lemma all_le_add_split:
  "(\<forall>i\<le>n+k. P i) \<longleftrightarrow> (\<forall>i<n. P i) \<and> P n \<and> (\<forall>i\<in>{Suc n..n+k}. P i)"
  by (auto simp: Suc_le_eq) (metis Suc_leI atLeastAtMost_iff linorder_neqE_nat)

locale coupled_chain =
  signal_coupling p m \<mu> + markov_path_space M \<mu> "signal_coupling.coupled_kernel p m \<mu>"
  for p :: "'a::finite \<Rightarrow> 'a \<Rightarrow> real" and m \<mu> and M :: "(nat \<Rightarrow> 'a \<times> 'a) measure"
begin

lemma measure_signal_path: "measure M {w\<in>space M. \<forall>i\<le>n. snd (w i) = x i} = path_prob m p n x"
proof -
  have "{w\<in>space M. \<forall>i\<le>n. snd (w i) = x i} = {w\<in>space M. \<forall>i\<le>n. w i \<in> UNIV \<times> {x i}}"
    by (auto simp: mem_Times_iff)
  then show ?thesis
    by (simp add: measure_cylinder sum_UNIV_prod weight_signal_path sum_distrib_right[symmetric]
        cond_coupling_sum)
qed

lemma measure_state_path: "measure M {w\<in>space M. \<forall>i\<le>n. fst (w i) = x i} = path_prob m p n x"
proof -
  have "{w\<in>space M. \<forall>i\<le>n. fst (w i) = x i} = {w\<in>space M. \<forall>i\<le>n. w i \<in> {x i} \<times> UNIV}"
    by (auto simp: mem_Times_iff)
  then show ?thesis
    by (simp add: measure_cylinder sum_UNIV_prod state_marginal_weight_state_path)
qed

lemma markov_law_state: "markov_law M (\<lambda>i w. fst (w i)) m p"
  unfolding markov_law_def using measure_state_path by (simp add: path_prob_def)

lemma measure_state_signal: "measure M {w\<in>space M. fst (w n) = a \<and> snd (w n) = b} = \<mu> (a, b)"
  using measure_path_constrained_end[of n "\<lambda>_. UNIV" "(a, b)"]
  by (simp add: weight_unconstrained prod_eq_iff)

lemma measure_state_signal_path:
  "measure M {w\<in>space M. fst (w n) = a \<and> (\<forall>i\<le>n. snd (w i) = x i)}
   = cond_coupling \<mu> m a (x n) * measure M {w\<in>space M. \<forall>i\<le>n. snd (w i) = x i}"
proof -
  have "{w\<in>space M. fst (w n) = a \<and> (\<forall>i\<le>n. snd (w i) = x i)}
      = {w\<in>space M. (\<forall>i\<le>n. w i \<in> UNIV \<times> {x i}) \<and> w n = (a, x n)}"
    by (auto simp: mem_Times_iff prod_eq_iff)
  then show ?thesis
    using measure_path_constrained_end[of n "\<lambda>i. UNIV \<times> {x i}" "(a, x n)"]
    by (simp add: weight_signal_path measure_signal_path)
qed

lemma signal_path_indep_future_states:
  "measure M {w\<in>space M. fst (w n) = a \<and> (\<forall>i\<le>n. snd (w i) = x i) \<and> (\<forall>i\<in>{Suc n..n+k}. fst (w i) = y i)}
     * measure M {w\<in>space M. fst (w n) = a}
   = measure M {w\<in>space M. fst (w n) = a \<and> (\<forall>i\<le>n. snd (w i) = x i)}
     * measure M {w\<in>space M. fst (w n) = a \<and> (\<forall>i\<in>{Suc n..n+k}. fst (w i) = y i)}"
proof -
  define A1 :: "nat \<Rightarrow> ('a \<times> 'a) set"
    where "A1 i = (if i < n then UNIV \<times> {x i} else if i = n then {(a, x n)} else {y i} \<times> UNIV)" for i
  define A3 :: "nat \<Rightarrow> ('a \<times> 'a) set"
    where "A3 i = (if i < n then UNIV else if i = n then {a} \<times> UNIV else {y i} \<times> UNIV)" for i
  define G where "G = (\<Prod>i\<in>{n..<n+k}. p ((y(n := a)) (Suc i)) ((y(n := a)) i))"
  have E1: "{w\<in>space M. fst (w n) = a \<and> (\<forall>i\<le>n. snd (w i) = x i) \<and> (\<forall>i\<in>{Suc n..n+j}. fst (w i) = y i)}
      = {w\<in>space M. \<forall>i\<le>n+j. w i \<in> A1 i}" for j
    unfolding all_le_add_split by (auto simp: A1_def mem_Times_iff prod_eq_iff le_less)
  have E3: "{w\<in>space M. fst (w n) = a \<and> (\<forall>i\<in>{Suc n..n+j}. fst (w i) = y i)}
      = {w\<in>space M. \<forall>i\<le>n+j. w i \<in> A3 i}" for j
    unfolding all_le_add_split by (auto simp: A3_def mem_Times_iff)
  have "(\<Sum>z\<in>UNIV. weight A1 (n + k) z) = (\<Sum>z\<in>UNIV. weight A1 n z) * G"
    unfolding G_def by (rule weight_state_future) (auto simp: A1_def)
  moreover have "(\<Sum>z\<in>UNIV. weight A3 (n + k) z) = (\<Sum>z\<in>UNIV. weight A3 n z) * G"
    unfolding G_def by (rule weight_state_future) (auto simp: A3_def)
  ultimately show ?thesis
    using E1[of k] E1[of 0] E3[of k] E3[of 0] by (simp add: measure_cylinder)
qed

end

theorem lemma4:
  fixes m :: "'a::finite \<Rightarrow> real" and p :: "'a \<Rightarrow> 'a \<Rightarrow> real" and \<mu> :: "'a \<times> 'a \<Rightarrow> real"
  assumes "stochastic p" and "irreducible_chain p" and "aperiodic_chain p"
    and "invariant_measure m p" and "\<forall>s. m s > 0"
    and "assumption_A p"
    and "\<mu> \<in> couplings m"
  shows "\<exists>(M :: (nat \<Rightarrow> 'a \<times> 'a) measure) (s :: nat \<Rightarrow> (nat \<Rightarrow> 'a \<times> 'a) \<Rightarrow> 'a) t.
    prob_space M \<and>
    (\<forall>n. s n \<in> measurable M (count_space UNIV)) \<and>
    (\<forall>n. t n \<in> measurable M (count_space UNIV)) \<and>
    markov_law M s m p \<and>
    \<comment> \<open>(P1)\<close>
    (\<forall>n k a x y.
       measure M {w \<in> space M. s n w = a \<and> (\<forall>i\<le>n. t i w = x i) \<and> (\<forall>i\<in>{Suc n..n+k}. s i w = y i)}
         * measure M {w \<in> space M. s n w = a}
       = measure M {w \<in> space M. s n w = a \<and> (\<forall>i\<le>n. t i w = x i)}
         * measure M {w \<in> space M. s n w = a \<and> (\<forall>i\<in>{Suc n..n+k}. s i w = y i)}) \<and>
    \<comment> \<open>(P2)\<close>
    (\<forall>n x. measure M {w \<in> space M. \<forall>i\<le>n. t i w = x i}
         = measure M {w \<in> space M. \<forall>i\<le>n. s i w = x i}) \<and>
    \<comment> \<open>(P3)\<close>
    (\<forall>n a b. measure M {w \<in> space M. s n w = a \<and> t n w = b} = \<mu> (a, b)) \<and>
    \<comment> \<open>(P4)\<close>
    (\<forall>n a x. measure M {w \<in> space M. s n w = a \<and> (\<forall>i\<le>n. t i w = x i)}
         = cond_coupling \<mu> m a (x n) * measure M {w \<in> space M. \<forall>i\<le>n. t i w = x i})"
proof -
  interpret signal_coupling p m \<mu>
    using assms(1,4-7) by unfold_locales
  obtain M :: "(nat \<Rightarrow> 'a \<times> 'a) measure" where "prob_space M"
    and "sets M = sets (PiM UNIV (\<lambda>_. count_space UNIV))"
    and "markov_law M (\<lambda>i w. w i) \<mu> coupled_kernel"
    using markov_chain_measure_exists[OF _ \<mu>_sum stochastic_coupled_kernel] \<mu>_nonneg by blast
  then interpret coupled_chain p m \<mu> M
    using signal_coupling_axioms
    by (simp add: coupled_chain_def markov_path_space_def markov_path_space_axioms_def)
  have projections_measurable: "(\<lambda>w. fst (w n)) \<in> measurable M (count_space UNIV)"
    "(\<lambda>w. snd (w n)) \<in> measurable M (count_space UNIV)" for n
    by (rule measurable_compose[OF coordinate_measurable], simp)+
  show ?thesis
  proof (rule exI[of _ M], rule exI[of _ "\<lambda>n w. fst (w n)"], rule exI[of _ "\<lambda>n w. snd (w n)"])
  qed (use prob_space_axioms projections_measurable markov_law_state signal_path_indep_future_states
      measure_signal_path measure_state_path measure_state_signal measure_state_signal_path in simp)
qed

end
◆ ◆ ◆ ◆ ◆ ◆ ◆
* What is expected
Your answer must consist only of the lines from the start of the records above through the line with "signal_coupling p m \<mu> +", each retyped exactly.

* Exercise solution
lemma all_le_add_split:
  "(\<forall>i\<le>n+k. P i) \<longleftrightarrow> (\<forall>i<n. P i) \<and> P n \<and> (\<forall>i\<in>{Suc n..n+k}. P i)"
  by (auto simp: Suc_le_eq) (metis Suc_leI atLeastAtMost_iff linorder_neqE_nat)

locale coupled_chain =
  signal_coupling p m \<mu> + markov_path_space M \<mu> "signal_coupling.coupled_kernel p m \<mu>"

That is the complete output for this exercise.